(* Let $M,N$ be $\lambda$-terms. (1) $M\simeq_\beta N$ iff $M^n\simeq_v N^n$ iff $M^n\simeq_b N^n$. (2) $M$ is $\beta$-normal iff $M^n$ is $v$-normal iff $M^n$ is $b$-normal; and $M$ is $w\beta$-normal iff $M^n$ is $wv$-normal iff $M^n$ is $wb$-normal.
   Context: Bang calculus. The set $!\Lambda$ of terms is $T,S,R ::= x \mid \lambda x.T \mid T\,S \mid \mathrm{der}\,T \mid\ !T$; $\lambda$ the only binder, up to $\alpha$-conversion, $T\{S/x\}$ capture-avoiding substitution. Contexts: $C ::= [\cdot] \mid \lambda x.C \mid C\,T \mid T\,C \mid \mathrm{der}\,C \mid\ !C$; ground contexts: $W ::= [\cdot] \mid \lambda x.W \mid W\,T \mid T\,W \mid \mathrm{der}\,W$. Root steps: $(\lambda x.T)(!S)\mapsto_v T\{S/x\}$, $\mathrm{der}(!T)\mapsto_d T$, $\mapsto_b\,=\,\mapsto_v\cup\mapsto_d$. For $r\in\{v,d,b\}$, $\to_r$ is the closure of $\mapsto_r$ under contexts and $\to_{wr}$ its closure under ground contexts. $\lambda$-calculus: $M,N ::= x\mid\lambda x.M\mid MN$; $\to_\beta$ is the closure of $(\lambda x.M)N\mapsto_\beta M\{N/x\}$ under all $\lambda$-contexts $C ::= [\cdot]\mid \lambda x.C\mid C\,M\mid M\,C$, and $\to_{w\beta}$ its closure under CbN ground contexts $N ::= [\cdot]\mid\lambda x.N\mid N\,M$. CbN translation: $x^n=x$, $(\lambda x.M)^n=\lambda x.M^n$, $(MN)^n=M^n\,(!N^n)$. For a relation $\to_r$: $\simeq_r$ is its reflexive-symmetric-transitive closure; a term is $r$-normal if it has no $\to_r$-successor. *)

theory Defs
  imports Main
begin

(* Terms are represented with de Bruijn indices, i.e. quotiented by alpha-conversion. *)

datatype lterm = LVar nat | LAbs lterm | LApp lterm lterm

datatype bterm = BVar nat | BAbs bterm | BApp bterm bterm | Der bterm | Bang bterm

fun llift :: "lterm \<Rightarrow> nat \<Rightarrow> lterm" where
  "llift (LVar i) k = (if i < k then LVar i else LVar (Suc i))"
| "llift (LAbs t) k = LAbs (llift t (Suc k))"
| "llift (LApp s t) k = LApp (llift s k) (llift t k)"

fun lsubst :: "lterm \<Rightarrow> nat \<Rightarrow> lterm \<Rightarrow> lterm" where
  "lsubst (LVar i) k u = (if k < i then LVar (i - 1) else if i = k then u else LVar i)"
| "lsubst (LAbs t) k u = LAbs (lsubst t (Suc k) (llift u 0))"
| "lsubst (LApp s t) k u = LApp (lsubst s k u) (lsubst t k u)"

fun blift :: "bterm \<Rightarrow> nat \<Rightarrow> bterm" where
  "blift (BVar i) k = (if i < k then BVar i else BVar (Suc i))"
| "blift (BAbs t) k = BAbs (blift t (Suc k))"
| "blift (BApp s t) k = BApp (blift s k) (blift t k)"
| "blift (Der t) k = Der (blift t k)"
| "blift (Bang t) k = Bang (blift t k)"

fun bsubst :: "bterm \<Rightarrow> nat \<Rightarrow> bterm \<Rightarrow> bterm" where
  "bsubst (BVar i) k u = (if k < i then BVar (i - 1) else if i = k then u else BVar i)"
| "bsubst (BAbs t) k u = BAbs (bsubst t (Suc k) (blift u 0))"
| "bsubst (BApp s t) k u = BApp (bsubst s k u) (bsubst t k u)"
| "bsubst (Der t) k u = Der (bsubst t k u)"
| "bsubst (Bang t) k u = Bang (bsubst t k u)"

inductive root_beta :: "lterm \<Rightarrow> lterm \<Rightarrow> bool" where
  "root_beta (LApp (LAbs m) n) (lsubst m 0 n)"

inductive root_v :: "bterm \<Rightarrow> bterm \<Rightarrow> bool" where
  "root_v (BApp (BAbs t) (Bang s)) (bsubst t 0 s)"

inductive root_d :: "bterm \<Rightarrow> bterm \<Rightarrow> bool" where
  "root_d (Der (Bang t)) t"

definition root_b :: "bterm \<Rightarrow> bterm \<Rightarrow> bool" where
  "root_b t u \<longleftrightarrow> root_v t u \<or> root_d t u"

inductive lctx :: "(lterm \<Rightarrow> lterm \<Rightarrow> bool) \<Rightarrow> lterm \<Rightarrow> lterm \<Rightarrow> bool" for r where
  "r t u \<Longrightarrow> lctx r t u"
| "lctx r t u \<Longrightarrow> lctx r (LAbs t) (LAbs u)"
| "lctx r t u \<Longrightarrow> lctx r (LApp t s) (LApp u s)"
| "lctx r t u \<Longrightarrow> lctx r (LApp s t) (LApp s u)"

inductive lwctx :: "(lterm \<Rightarrow> lterm \<Rightarrow> bool) \<Rightarrow> lterm \<Rightarrow> lterm \<Rightarrow> bool" for r where
  "r t u \<Longrightarrow> lwctx r t u"
| "lwctx r t u \<Longrightarrow> lwctx r (LAbs t) (LAbs u)"
| "lwctx r t u \<Longrightarrow> lwctx r (LApp t s) (LApp u s)"

inductive bctx :: "(bterm \<Rightarrow> bterm \<Rightarrow> bool) \<Rightarrow> bterm \<Rightarrow> bterm \<Rightarrow> bool" for r where
  "r t u \<Longrightarrow> bctx r t u"
| "bctx r t u \<Longrightarrow> bctx r (BAbs t) (BAbs u)"
| "bctx r t u \<Longrightarrow> bctx r (BApp t s) (BApp u s)"
| "bctx r t u \<Longrightarrow> bctx r (BApp s t) (BApp s u)"
| "bctx r t u \<Longrightarrow> bctx r (Der t) (Der u)"
| "bctx r t u \<Longrightarrow> bctx r (Bang t) (Bang u)"

inductive bwctx :: "(bterm \<Rightarrow> bterm \<Rightarrow> bool) \<Rightarrow> bterm \<Rightarrow> bterm \<Rightarrow> bool" for r where
  "r t u \<Longrightarrow> bwctx r t u"
| "bwctx r t u \<Longrightarrow> bwctx r (BAbs t) (BAbs u)"
| "bwctx r t u \<Longrightarrow> bwctx r (BApp t s) (BApp u s)"
| "bwctx r t u \<Longrightarrow> bwctx r (BApp s t) (BApp s u)"
| "bwctx r t u \<Longrightarrow> bwctx r (Der t) (Der u)"

abbreviation beta_step :: "lterm \<Rightarrow> lterm \<Rightarrow> bool" where "beta_step \<equiv> lctx root_beta"
abbreviation wbeta_step :: "lterm \<Rightarrow> lterm \<Rightarrow> bool" where "wbeta_step \<equiv> lwctx root_beta"
abbreviation v_step :: "bterm \<Rightarrow> bterm \<Rightarrow> bool" where "v_step \<equiv> bctx root_v"
abbreviation b_step :: "bterm \<Rightarrow> bterm \<Rightarrow> bool" where "b_step \<equiv> bctx root_b"
abbreviation wv_step :: "bterm \<Rightarrow> bterm \<Rightarrow> bool" where "wv_step \<equiv> bwctx root_v"
abbreviation wb_step :: "bterm \<Rightarrow> bterm \<Rightarrow> bool" where "wb_step \<equiv> bwctx root_b"

definition normal :: "('a \<Rightarrow> 'a \<Rightarrow> bool) \<Rightarrow> 'a \<Rightarrow> bool" where
  "normal r t \<longleftrightarrow> \<not> (\<exists>u. r t u)"

fun cbn :: "lterm \<Rightarrow> bterm" where
  "cbn (LVar i) = BVar i"
| "cbn (LAbs m) = BAbs (cbn m)"
| "cbn (LApp m n) = BApp (cbn m) (Bang (cbn n))"

end

theory Submission
  imports Defs
begin

(* The translation is a strict simulation: a beta-step M \<rightarrow> M' becomes the v-step cbn M \<rightarrow> cbn M',
   weak steps becoming weak steps. Conversely, cbn M contains no der, so every b-step out of
   cbn M is a v-step coming from a beta-step of M; this transfers normality back. For
   convertibility, the map erasing der and ! sends each b-step to at most one beta-step and is a
   left inverse of the translation. *)

fun erase :: "bterm \<Rightarrow> lterm" where
  "erase (BVar i) = LVar i"
| "erase (BAbs t) = LAbs (erase t)"
| "erase (BApp s t) = LApp (erase s) (erase t)"
| "erase (Der t) = erase t"
| "erase (Bang t) = erase t"

lemma erase_cbn [simp]: "erase (cbn M) = M"
  by (induction M) auto

lemma cbn_llift [simp]: "cbn (llift m k) = blift (cbn m) k"
  by (induction m arbitrary: k) auto

lemma cbn_lsubst [simp]: "cbn (lsubst m k n) = bsubst (cbn m) k (cbn n)"
  by (induction m arbitrary: k n) auto

lemma erase_blift [simp]: "erase (blift t k) = llift (erase t) k"
  by (induction t arbitrary: k) auto

lemma erase_bsubst [simp]: "erase (bsubst t k u) = lsubst (erase t) k (erase u)"
  by (induction t arbitrary: k u) auto

lemma equivclp_map:
  assumes "\<And>x y. r x y \<Longrightarrow> equivclp s (f x) (f y)"
    and "equivclp r a b"
  shows "equivclp s (f a) (f b)"
  using assms(2)
proof (induction rule: equivclp_induct)
  case base
  show ?case by simp
next
  case (step y z)
  then show ?case using assms(1) by (meson equivclp_sym equivclp_trans)
qed

lemma bctx_mono: "bctx r t u \<Longrightarrow> (\<And>x y. r x y \<Longrightarrow> s x y) \<Longrightarrow> bctx s t u"
  by (induction rule: bctx.induct) (auto intro: bctx.intros)

lemma bwctx_mono: "bwctx r t u \<Longrightarrow> (\<And>x y. r x y \<Longrightarrow> s x y) \<Longrightarrow> bwctx s t u"
  by (induction rule: bwctx.induct) (auto intro: bwctx.intros)

lemma root_v_imp_root_b: "root_v t u \<Longrightarrow> root_b t u"
  by (simp add: root_b_def)

lemma cbn_root_beta: "root_beta M M' \<Longrightarrow> root_v (cbn M) (cbn M')"
  by (induction rule: root_beta.induct) (simp add: root_v.intros)

lemma cbn_beta_step: "beta_step M M' \<Longrightarrow> v_step (cbn M) (cbn M')"
  by (induction rule: lctx.induct) (auto intro: bctx.intros cbn_root_beta)

lemma cbn_wbeta_step: "wbeta_step M M' \<Longrightarrow> wv_step (cbn M) (cbn M')"
  by (induction rule: lwctx.induct) (auto intro: bwctx.intros cbn_root_beta)

lemma erase_root_b: "root_b T U \<Longrightarrow> beta_step\<^sup>=\<^sup>= (erase T) (erase U)"
  unfolding root_b_def
  by (auto elim!: root_v.cases root_d.cases intro!: lctx.intros(1) root_beta.intros)

lemma erase_b_step: "b_step T U \<Longrightarrow> beta_step\<^sup>=\<^sup>= (erase T) (erase U)"
  by (induction rule: bctx.induct) (auto intro: lctx.intros dest: erase_root_b)

lemma cbn_eq_BAbs_iff: "cbn M = BAbs t \<longleftrightarrow> (\<exists>M\<^sub>0. M = LAbs M\<^sub>0 \<and> t = cbn M\<^sub>0)"
  by (cases M) auto

lemma root_b_cbn_reflect:
  assumes "root_b (cbn M) U"
  shows "\<exists>M'. root_beta M M' \<and> U = cbn M'"
proof -
  from assms obtain t s where "cbn M = BApp (BAbs t) (Bang s)" and "U = bsubst t 0 s"
    by (cases M) (auto simp: root_b_def elim!: root_v.cases root_d.cases)
  then obtain M\<^sub>0 N where "M = LApp (LAbs M\<^sub>0) N" "U = cbn (lsubst M\<^sub>0 0 N)"
    by (cases M) (auto simp: cbn_eq_BAbs_iff)
  then show ?thesis by (auto intro: root_beta.intros)
qed

lemma not_root_b_Bang: "\<not> root_b (Bang t) u"
  by (auto simp: root_b_def elim: root_v.cases root_d.cases)

lemma b_step_cbn_reflect: "b_step (cbn M) U \<Longrightarrow> \<exists>M'. beta_step M M' \<and> U = cbn M'"
proof (induction M arbitrary: U)
  case (LVar i)
  then show ?case
    by (auto simp: root_b_def elim: bctx.cases root_v.cases root_d.cases)
next
  case (LAbs M)
  from LAbs.prems show ?case
  proof (cases rule: bctx.cases)
    case 1
    then show ?thesis using root_b_cbn_reflect[of "LAbs M"] by (auto intro: lctx.intros)
  next
    case (2 t u)
    with LAbs.IH obtain M' where "beta_step M M'" "u = cbn M'" by auto
    with 2 show ?thesis by (auto intro!: exI[of _ "LAbs M'"] lctx.intros)
  qed auto
next
  case (LApp M N)
  from LApp.prems show ?case
  proof (cases rule: bctx.cases)
    case 1
    then show ?thesis using root_b_cbn_reflect[of "LApp M N"] by (auto intro: lctx.intros)
  next
    case (3 t u s)
    with LApp.IH(1) obtain M' where "beta_step M M'" "u = cbn M'" by auto
    with 3 show ?thesis by (auto intro!: exI[of _ "LApp M' N"] lctx.intros)
  next
    case (4 t u s)
    then have "b_step (Bang (cbn N)) u" by simp
    then obtain u' where "u = Bang u'" "b_step (cbn N) u'"
      by (cases rule: bctx.cases) (auto simp: not_root_b_Bang)
    with LApp.IH(2) obtain N' where "beta_step N N'" "u' = cbn N'" by blast
    with 4 \<open>u = Bang u'\<close> show ?thesis by (auto intro!: exI[of _ "LApp M N'"] lctx.intros)
  qed auto
qed

lemma wb_step_cbn_reflect: "wb_step (cbn M) U \<Longrightarrow> \<exists>M'. wbeta_step M M' \<and> U = cbn M'"
proof (induction M arbitrary: U)
  case (LVar i)
  then show ?case
    by (auto simp: root_b_def elim: bwctx.cases root_v.cases root_d.cases)
next
  case (LAbs M)
  from LAbs.prems show ?case
  proof (cases rule: bwctx.cases)
    case 1
    then show ?thesis using root_b_cbn_reflect[of "LAbs M"] by (auto intro: lwctx.intros)
  next
    case (2 t u)
    with LAbs.IH obtain M' where "wbeta_step M M'" "u = cbn M'" by auto
    with 2 show ?thesis by (auto intro!: exI[of _ "LAbs M'"] lwctx.intros)
  qed auto
next
  case (LApp M N)
  from LApp.prems show ?case
  proof (cases rule: bwctx.cases)
    case 1
    then show ?thesis using root_b_cbn_reflect[of "LApp M N"] by (auto intro: lwctx.intros)
  next
    case (3 t u s)
    with LApp.IH(1) obtain M' where "wbeta_step M M'" "u = cbn M'" by auto
    with 3 show ?thesis by (auto intro!: exI[of _ "LApp M' N"] lwctx.intros)
  next
    case (4 t u s)
    then have "wb_step (Bang (cbn N)) u" by simp
    then show ?thesis
      by (cases rule: bwctx.cases) (auto simp: not_root_b_Bang)
  qed auto
qed

theorem mainTheorem8:
  fixes M N :: lterm
  shows "(equivclp beta_step M N \<longleftrightarrow> equivclp v_step (cbn M) (cbn N))
       \<and> (equivclp v_step (cbn M) (cbn N) \<longleftrightarrow> equivclp b_step (cbn M) (cbn N))
       \<and> (normal beta_step M \<longleftrightarrow> normal v_step (cbn M))
       \<and> (normal v_step (cbn M) \<longleftrightarrow> normal b_step (cbn M))
       \<and> (normal wbeta_step M \<longleftrightarrow> normal wv_step (cbn M))
       \<and> (normal wv_step (cbn M) \<longleftrightarrow> normal wb_step (cbn M))"
proof -
  have v_imp_b: "v_step T U \<Longrightarrow> b_step T U" and wv_imp_wb: "wv_step T U \<Longrightarrow> wb_step T U" for T U
    by (auto elim: bctx_mono bwctx_mono intro: root_v_imp_root_b)
  have "equivclp beta_step M N \<Longrightarrow> equivclp v_step (cbn M) (cbn N)"
    by (rule equivclp_map[of _ _ cbn]) (auto dest: cbn_beta_step)
  moreover have "equivclp v_step (cbn M) (cbn N) \<Longrightarrow> equivclp b_step (cbn M) (cbn N)"
    by (rule equivclp_map[of _ _ id, simplified]) (auto dest: v_imp_b)
  moreover have "equivclp b_step (cbn M) (cbn N) \<Longrightarrow> equivclp beta_step M N"
    using equivclp_map[of b_step beta_step erase "cbn M" "cbn N"] erase_b_step by fastforce
  ultimately show ?thesis
    unfolding normal_def
    using cbn_beta_step cbn_wbeta_step v_imp_b wv_imp_wb b_step_cbn_reflect wb_step_cbn_reflect
    by blast
qed

end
####
**What the task requires**
From the records above, reproduce exactly the lines from the one with "case (step y z)" to the one with "by (induction rule: bctx.induct) (auto intro: bctx.intros)", both included, and no others.

**Reply to the exercise**
  case (step y z)
  then show ?case using assms(1) by (meson equivclp_sym equivclp_trans)
qed

lemma bctx_mono: "bctx r t u \<Longrightarrow> (\<And>x y. r x y \<Longrightarrow> s x y) \<Longrightarrow> bctx s t u"
  by (induction rule: bctx.induct) (auto intro: bctx.intros)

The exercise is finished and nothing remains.